BEGIN Dataset entries
(* Let $G_3$ be the graph with vertices $v_1,\dots,v_8$ and edges $a_1=v_1v_2$, $a_2=v_2v_3$, $a_3=v_3v_4$, $a_4=v_4v_5$, $a_5=v_1v_5$, $a_6=v_1v_8$, $a_7=v_2v_6$, $a_8=v_3v_6$, $a_9=v_4v_7$, $a_{10}=v_5v_8$, $a_{11}=v_6v_7$, $a_{12}=v_7v_8$. Let $\gamma_1=e_1+e_3+e_{10}+e_{11}$, $\gamma_2=e_2+e_4+e_6+e_{11}$, $\gamma_3=e_3+e_5+e_7+e_{12}$, $\gamma_4=e_2+e_5+e_6+e_7+e_8+2e_9+e_{10}$, $\gamma_5=e_2+e_3+e_5+e_6+e_7+e_9+e_{10}+e_{11}$, $\gamma_6=e_1+e_4+e_8+e_{12}$, $\gamma_7=e_2+e_4+e_5+e_6+e_7+e_8+e_9+e_{12}$, $\gamma_8=e_1+e_8+e_9+e_{10}$. Then any $\gamma\in S(G_3)$ can be uniquely written in one of the following five types, with $l_1,\dots,l_5\in\mathbb{N}$: $T_a$: $l_1\gamma_1+l_2\gamma_2+l_3\gamma_3+l_4\gamma_4+l_5\gamma_5$; $T_b$: $\gamma_8+l_1\gamma_1+l_2\gamma_2+l_3\gamma_3+l_4\gamma_4+l_5\gamma_8$; $T_{c_1}$: $\gamma_6+l_1\gamma_1+l_2\gamma_2+l_3\gamma_3+l_4\gamma_6+l_5\gamma_8$; $T_{c_2}$: $\gamma_4+\gamma_6+l_1\gamma_2+l_2\gamma_3+l_3\gamma_4+l_4\gamma_6+l_5\gamma_8$; $T_{c_3}$: $\gamma_7+l_1\gamma_2+l_2\gamma_3+l_3\gamma_4+l_4\gamma_6+l_5\gamma_7$.
   Context: For a finite graph $G$ with edges $a_1,\dots,a_n$, a magic labelling is an assignment of nonnegative integer labels $\alpha_i$ to the edges $a_i$ such that for every vertex $v$ the sum of the labels of the edges incident to $v$ equals the same number $s$ (the magic sum). A labelling is identified with $(\alpha_1,\dots,\alpha_n)\in\mathbb{N}^n$, and $S(G)$ is the set of all magic labellings. $e_i$ is the $i$-th unit vector of $\mathbb{R}^{12}$, $\mathbb{N}=\{0,1,2,\dots\}$. *)

theory Defs
  imports Main
begin

text \<open>Labellings of the 12 edges of G3 are modelled as functions nat => nat
  indexed by 1..12 and vanishing outside {1..12} (i.e. elements of N^12).
  Vertices are 1..8.\<close>

definition G3_edges :: "(nat \<times> nat) list" where
  "G3_edges = [(1,2), (2,3), (3,4), (4,5), (1,5), (1,8), (2,6), (3,6),
               (4,7), (5,8), (6,7), (7,8)]"

definition G3_edge :: "nat \<Rightarrow> nat \<times> nat" where
  "G3_edge i = G3_edges ! (i - 1)"

definition incident :: "nat \<Rightarrow> nat \<Rightarrow> bool" where
  "incident v i \<longleftrightarrow> v = fst (G3_edge i) \<or> v = snd (G3_edge i)"

definition magic_labelling_G3 :: "(nat \<Rightarrow> nat) \<Rightarrow> bool" where
  "magic_labelling_G3 \<alpha> \<longleftrightarrow>
     (\<forall>i. i \<notin> {1..12} \<longrightarrow> \<alpha> i = 0) \<and>
     (\<exists>s. \<forall>v\<in>{1..8}. (\<Sum>i\<in>{i\<in>{1..12}. incident v i}. \<alpha> i) = s)"

definition S_G3 :: "(nat \<Rightarrow> nat) set" where
  "S_G3 = {\<alpha>. magic_labelling_G3 \<alpha>}"

definition e :: "nat \<Rightarrow> nat \<Rightarrow> nat" where
  "e i = (\<lambda>j. if j = i then 1 else 0)"

definition gamma :: "nat \<Rightarrow> nat \<Rightarrow> nat" where
  "gamma k = [
      (\<lambda>j. e 1 j + e 3 j + e 10 j + e 11 j),
      (\<lambda>j. e 2 j + e 4 j + e 6 j + e 11 j),
      (\<lambda>j. e 3 j + e 5 j + e 7 j + e 12 j),
      (\<lambda>j. e 2 j + e 5 j + e 6 j + e 7 j + e 8 j + 2 * e 9 j + e 10 j),
      (\<lambda>j. e 2 j + e 3 j + e 5 j + e 6 j + e 7 j + e 9 j + e 10 j + e 11 j),
      (\<lambda>j. e 1 j + e 4 j + e 8 j + e 12 j),
      (\<lambda>j. e 2 j + e 4 j + e 5 j + e 6 j + e 7 j + e 8 j + e 9 j + e 12 j),
      (\<lambda>j. e 1 j + e 8 j + e 9 j + e 10 j)] ! (k - 1)"

text \<open>gamma k is only used for k in 1..8.\<close>

datatype rtype = Ta | Tb | Tc1 | Tc2 | Tc3

fun repr :: "rtype \<Rightarrow> nat \<Rightarrow> nat \<Rightarrow> nat \<Rightarrow> nat \<Rightarrow> nat \<Rightarrow> nat \<Rightarrow> nat" where
  "repr Ta l1 l2 l3 l4 l5 = (\<lambda>j. l1 * gamma 1 j + l2 * gamma 2 j + l3 * gamma 3 j
       + l4 * gamma 4 j + l5 * gamma 5 j)"
| "repr Tb l1 l2 l3 l4 l5 = (\<lambda>j. gamma 8 j + l1 * gamma 1 j + l2 * gamma 2 j
       + l3 * gamma 3 j + l4 * gamma 4 j + l5 * gamma 8 j)"
| "repr Tc1 l1 l2 l3 l4 l5 = (\<lambda>j. gamma 6 j + l1 * gamma 1 j + l2 * gamma 2 j
       + l3 * gamma 3 j + l4 * gamma 6 j + l5 * gamma 8 j)"
| "repr Tc2 l1 l2 l3 l4 l5 = (\<lambda>j. gamma 4 j + gamma 6 j + l1 * gamma 2 j
       + l2 * gamma 3 j + l3 * gamma 4 j + l4 * gamma 6 j + l5 * gamma 8 j)"
| "repr Tc3 l1 l2 l3 l4 l5 = (\<lambda>j. gamma 7 j + l1 * gamma 2 j + l2 * gamma 3 j
       + l3 * gamma 4 j + l4 * gamma 6 j + l5 * gamma 7 j)"

end

theory Submission
  imports Defs
begin

text \<open>The eight vertex conditions leave five free coordinates, so a magic labelling
  is determined by a point of a pointed 5-dimensional rational cone. The five types
  form a Stanley decomposition of this cone into disjoint translated simplicial cones:
  which piece contains a labelling, and with which coefficients, is read off by
  linear inequalities in its free coordinates, and uniqueness holds because this
  read-off inverts every one of the five parametrizations.\<close>

lemma incident_edges_G3:
  "{i\<in>{1..12}. incident 1 i} = {1,5,6}"
  "{i\<in>{1..12}. incident 2 i} = {1,2,7}"
  "{i\<in>{1..12}. incident 3 i} = {2,3,8}"
  "{i\<in>{1..12}. incident 4 i} = {3,4,9}"
  "{i\<in>{1..12}. incident 5 i} = {4,5,10}"
  "{i\<in>{1..12}. incident 6 i} = {7,8,11}"
  "{i\<in>{1..12}. incident 7 i} = {9,11,12}"
  "{i\<in>{1..12}. incident 8 i} = {6,10,12}"
  unfolding atLeastAtMost_upt set_filter[symmetric]
  by (auto simp: incident_def G3_edge_def G3_edges_def upt_rec)

text \<open>The vertex conditions, solved for the dependent coordinates in terms of
  x 1, x 2, x 4, x 8, x 12.\<close>

definition G3_relations :: "(nat \<Rightarrow> nat) \<Rightarrow> bool" where
  "G3_relations x \<longleftrightarrow>
     x 3 + x 4 + x 8 = x 1 + x 2 + x 12 \<and> x 5 + x 4 = x 2 + x 12 \<and> x 6 = x 2 \<and>
     x 7 + x 4 = x 2 + x 12 \<and> x 9 + x 4 = x 2 + x 8 \<and> x 10 + x 4 = x 1 + x 2 \<and>
     x 11 + x 8 = x 1 + x 2"

lemma S_G3_vanishes: "x \<in> S_G3 \<Longrightarrow> i \<notin> {1..12} \<Longrightarrow> x i = 0"
  by (auto simp: S_G3_def magic_labelling_G3_def)

lemma S_G3_relations:
  assumes "x \<in> S_G3"
  shows "G3_relations x"
proof -
  obtain s where s: "\<forall>v\<in>{1..8}. (\<Sum>i\<in>{i\<in>{1..12}. incident v i}. x i) = s"
    using assms by (auto simp: S_G3_def magic_labelling_G3_def)
  have "x 1 + x 5 + x 6 = s" "x 1 + x 2 + x 7 = s" "x 2 + x 3 + x 8 = s"
    "x 3 + x 4 + x 9 = s" "x 4 + x 5 + x 10 = s" "x 7 + x 8 + x 11 = s"
    "x 9 + x 11 + x 12 = s" "x 6 + x 10 + x 12 = s"
    using s[rule_format, of 1, unfolded incident_edges_G3]
      s[rule_format, of 2, unfolded incident_edges_G3]
      s[rule_format, of 3, unfolded incident_edges_G3]
      s[rule_format, of 4, unfolded incident_edges_G3]
      s[rule_format, of 5, unfolded incident_edges_G3]
      s[rule_format, of 6, unfolded incident_edges_G3]
      s[rule_format, of 7, unfolded incident_edges_G3]
      s[rule_format, of 8, unfolded incident_edges_G3]
    by (simp_all add: add.assoc)
  then show ?thesis
    unfolding G3_relations_def by linarith
qed

text \<open>Stated with Suc 0, the simp normal form of 1 :: nat.\<close>

lemma gamma_eq:
  "gamma (Suc 0) = (\<lambda>j. if j \<in> {1,3,10,11} then 1 else 0)"
  "gamma 2 = (\<lambda>j. if j \<in> {2,4,6,11} then 1 else 0)"
  "gamma 3 = (\<lambda>j. if j \<in> {3,5,7,12} then 1 else 0)"
  "gamma 4 = (\<lambda>j. if j = 9 then 2 else if j \<in> {2,5,6,7,8,10} then 1 else 0)"
  "gamma 5 = (\<lambda>j. if j \<in> {2,3,5,6,7,9,10,11} then 1 else 0)"
  "gamma 6 = (\<lambda>j. if j \<in> {1,4,8,12} then 1 else 0)"
  "gamma 7 = (\<lambda>j. if j \<in> {2,4,5,6,7,8,9,12} then 1 else 0)"
  "gamma 8 = (\<lambda>j. if j \<in> {1,8,9,10} then 1 else 0)"
  by (auto simp: gamma_def e_def numeral_eq_Suc)

lemma repr_vanishes: "j \<notin> {1..12} \<Longrightarrow> repr t l1 l2 l3 l4 l5 j = 0"
  by (cases t) (auto simp: gamma_eq)

definition decode :: "(nat \<Rightarrow> nat) \<Rightarrow> rtype \<times> nat \<times> nat \<times> nat \<times> nat \<times> nat" where
  "decode x =
    (if x 2 \<ge> x 4 + x 8 then (Ta, x 1, x 4, x 12, x 8, x 2 - x 4 - x 8)
     else if x 3 \<ge> x 12 \<and> x 2 \<ge> x 4 \<and> x 1 + x 12 > x 3
       then (Tb, x 3 - x 12, x 4, x 12, x 2 - x 4, x 1 + x 12 - x 3 - 1)
     else if x 1 \<ge> x 8 \<and> x 8 > x 9
       then (Tc1, x 1 - x 8, x 2, x 5, x 8 - x 9 - 1, x 9)
     else if x 2 > x 11 \<and> x 4 > x 11 \<and> x 1 + x 11 \<ge> x 4
       then (Tc2, x 11, x 3, x 2 - x 11 - 1, x 4 - x 11 - 1, x 1 + x 11 - x 4)
     else (Tc3, x 11, x 3, x 10, x 1, x 2 - x 10 - x 11 - 1))"

lemma decode_repr: "decode (repr t l1 l2 l3 l4 l5) = (t, l1, l2, l3, l4, l5)"
  by (cases t) (simp_all add: decode_def gamma_eq)

lemma edge_index_cases:
  "(j::nat) \<in> {1..12} \<Longrightarrow>
    j = 1 \<or> j = 2 \<or> j = 3 \<or> j = 4 \<or> j = 5 \<or> j = 6 \<or>
    j = 7 \<or> j = 8 \<or> j = 9 \<or> j = 10 \<or> j = 11 \<or> j = 12"
  unfolding atLeastAtMost_iff by arith

lemma G3_relations_repr_Ta:
  assumes "G3_relations x" "x 4 + x 8 \<le> x 2" "j \<in> {1..12}"
  shows "x j = repr Ta (x 1) (x 4) (x 12) (x 8) (x 2 - x 4 - x 8) j"
  using edge_index_cases[OF assms(3)] assms(1,2) unfolding G3_relations_def
  by (elim disjE; simp add: gamma_eq; linarith)

lemma G3_relations_repr_Tb:
  assumes "G3_relations x" "x 12 \<le> x 3 \<and> x 4 \<le> x 2 \<and> x 3 < x 1 + x 12" "j \<in> {1..12}"
  shows "x j = repr Tb (x 3 - x 12) (x 4) (x 12) (x 2 - x 4) (x 1 + x 12 - x 3 - 1) j"
  using edge_index_cases[OF assms(3)] assms(1,2) unfolding G3_relations_def
  by (elim disjE; simp add: gamma_eq; linarith)

lemma G3_relations_repr_Tc1:
  assumes "G3_relations x" "x 8 \<le> x 1 \<and> x 9 < x 8" "j \<in> {1..12}"
  shows "x j = repr Tc1 (x 1 - x 8) (x 2) (x 5) (x 8 - x 9 - 1) (x 9) j"
  using edge_index_cases[OF assms(3)] assms(1,2) unfolding G3_relations_def
  by (elim disjE; simp add: gamma_eq; linarith)

lemma G3_relations_repr_Tc2:
  assumes "G3_relations x" "x 11 < x 2 \<and> x 11 < x 4 \<and> x 4 \<le> x 1 + x 11" "j \<in> {1..12}"
  shows "x j = repr Tc2 (x 11) (x 3) (x 2 - x 11 - 1) (x 4 - x 11 - 1) (x 1 + x 11 - x 4) j"
  using edge_index_cases[OF assms(3)] assms(1,2) unfolding G3_relations_def
  by (elim disjE; simp add: gamma_eq; linarith)

lemma G3_relations_repr_Tc3:
  assumes "G3_relations x" "x 10 + x 11 < x 2" "j \<in> {1..12}"
  shows "x j = repr Tc3 (x 11) (x 3) (x 10) (x 1) (x 2 - x 10 - x 11 - 1) j"
  using edge_index_cases[OF assms(3)] assms(1,2) unfolding G3_relations_def
  by (elim disjE; simp add: gamma_eq; linarith)

text \<open>The five pieces cover the cone: a solution outside the first four pieces
  makes the truncated subtraction in the last coefficient of decode exact.\<close>

lemma G3_relations_Tc3_bound:
  assumes "G3_relations x"
    and "\<not> x 2 \<ge> x 4 + x 8"
    and "\<not> (x 3 \<ge> x 12 \<and> x 2 \<ge> x 4 \<and> x 1 + x 12 > x 3)"
    and "\<not> (x 1 \<ge> x 8 \<and> x 8 > x 9)"
    and "\<not> (x 2 > x 11 \<and> x 4 > x 11 \<and> x 1 + x 11 \<ge> x 4)"
  shows "x 2 > x 10 + x 11"
  using assms unfolding G3_relations_def not_le not_less de_Morgan_conj
  by (elim disjE; linarith)

lemma repr_decode_edge:
  assumes rel: "G3_relations x" and j: "j \<in> {1..12}"
  shows "x j = (case decode x of (t, l1, l2, l3, l4, l5) \<Rightarrow> repr t l1 l2 l3 l4 l5 j)"
  unfolding decode_def
  using G3_relations_repr_Ta[OF rel _ j] G3_relations_repr_Tb[OF rel _ j]
    G3_relations_repr_Tc1[OF rel _ j] G3_relations_repr_Tc2[OF rel _ j]
    G3_relations_repr_Tc3[OF rel G3_relations_Tc3_bound[OF rel] j]
  by (simp only: prod.case split: if_split) blast

lemma repr_decode:
  assumes "x \<in> S_G3"
  shows "case decode x of (t, l1, l2, l3, l4, l5) \<Rightarrow> x = repr t l1 l2 l3 l4 l5"
proof (cases "decode x")
  case (fields t l1 l2 l3 l4 l5)
  have "x j = repr t l1 l2 l3 l4 l5 j" for j
    using repr_decode_edge[OF S_G3_relations[OF assms], of j] fields
      S_G3_vanishes[OF assms, of j] repr_vanishes[of j]
    by (cases "j \<in> {1..12}") auto
  with fields show ?thesis
    by auto
qed

theorem mainTheorem7:
  assumes "\<gamma> \<in> S_G3"
  shows "\<exists>!(t, l1, l2, l3, l4, l5). \<gamma> = repr t l1 l2 l3 l4 l5"
proof (rule ex1I[of _ "decode \<gamma>"])
  show "case decode \<gamma> of (t, l1, l2, l3, l4, l5) \<Rightarrow> \<gamma> = repr t l1 l2 l3 l4 l5"
    using repr_decode[OF assms] .
next
  fix y
  assume "case y of (t, l1, l2, l3, l4, l5) \<Rightarrow> \<gamma> = repr t l1 l2 l3 l4 l5"
  then show "y = decode \<gamma>"
    by (auto simp: decode_repr split: prod.splits)
qed

end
END Dataset entries
What to do:
All lines above from the one with "j + l4 * gamma 4" to the one with "unfolding atLeastAtMost_upt set_filter[symmetric]", inclusive, should be copied exactly, and no other lines.

Response area:
       + l3 * gamma 3 j + l4 * gamma 4 j + l5 * gamma 8 j)"
| "repr Tc1 l1 l2 l3 l4 l5 = (\<lambda>j. gamma 6 j + l1 * gamma 1 j + l2 * gamma 2 j
       + l3 * gamma 3 j + l4 * gamma 6 j + l5 * gamma 8 j)"
| "repr Tc2 l1 l2 l3 l4 l5 = (\<lambda>j. gamma 4 j + gamma 6 j + l1 * gamma 2 j
       + l2 * gamma 3 j + l3 * gamma 4 j + l4 * gamma 6 j + l5 * gamma 8 j)"
| "repr Tc3 l1 l2 l3 l4 l5 = (\<lambda>j. gamma 7 j + l1 * gamma 2 j + l2 * gamma 3 j
       + l3 * gamma 4 j + l4 * gamma 6 j + l5 * gamma 7 j)"

end

theory Submission
  imports Defs
begin

text \<open>The eight vertex conditions leave five free coordinates, so a magic labelling
  is determined by a point of a pointed 5-dimensional rational cone. The five types
  form a Stanley decomposition of this cone into disjoint translated simplicial cones:
  which piece contains a labelling, and with which coefficients, is read off by
  linear inequalities in its free coordinates, and uniqueness holds because this
  read-off inverts every one of the five parametrizations.\<close>

lemma incident_edges_G3:
  "{i\<in>{1..12}. incident 1 i} = {1,5,6}"
  "{i\<in>{1..12}. incident 2 i} = {1,2,7}"
  "{i\<in>{1..12}. incident 3 i} = {2,3,8}"
  "{i\<in>{1..12}. incident 4 i} = {3,4,9}"
  "{i\<in>{1..12}. incident 5 i} = {4,5,10}"
  "{i\<in>{1..12}. incident 6 i} = {7,8,11}"
  "{i\<in>{1..12}. incident 7 i} = {9,11,12}"
  "{i\<in>{1..12}. incident 8 i} = {6,10,12}"
  unfolding atLeastAtMost_upt set_filter[symmetric]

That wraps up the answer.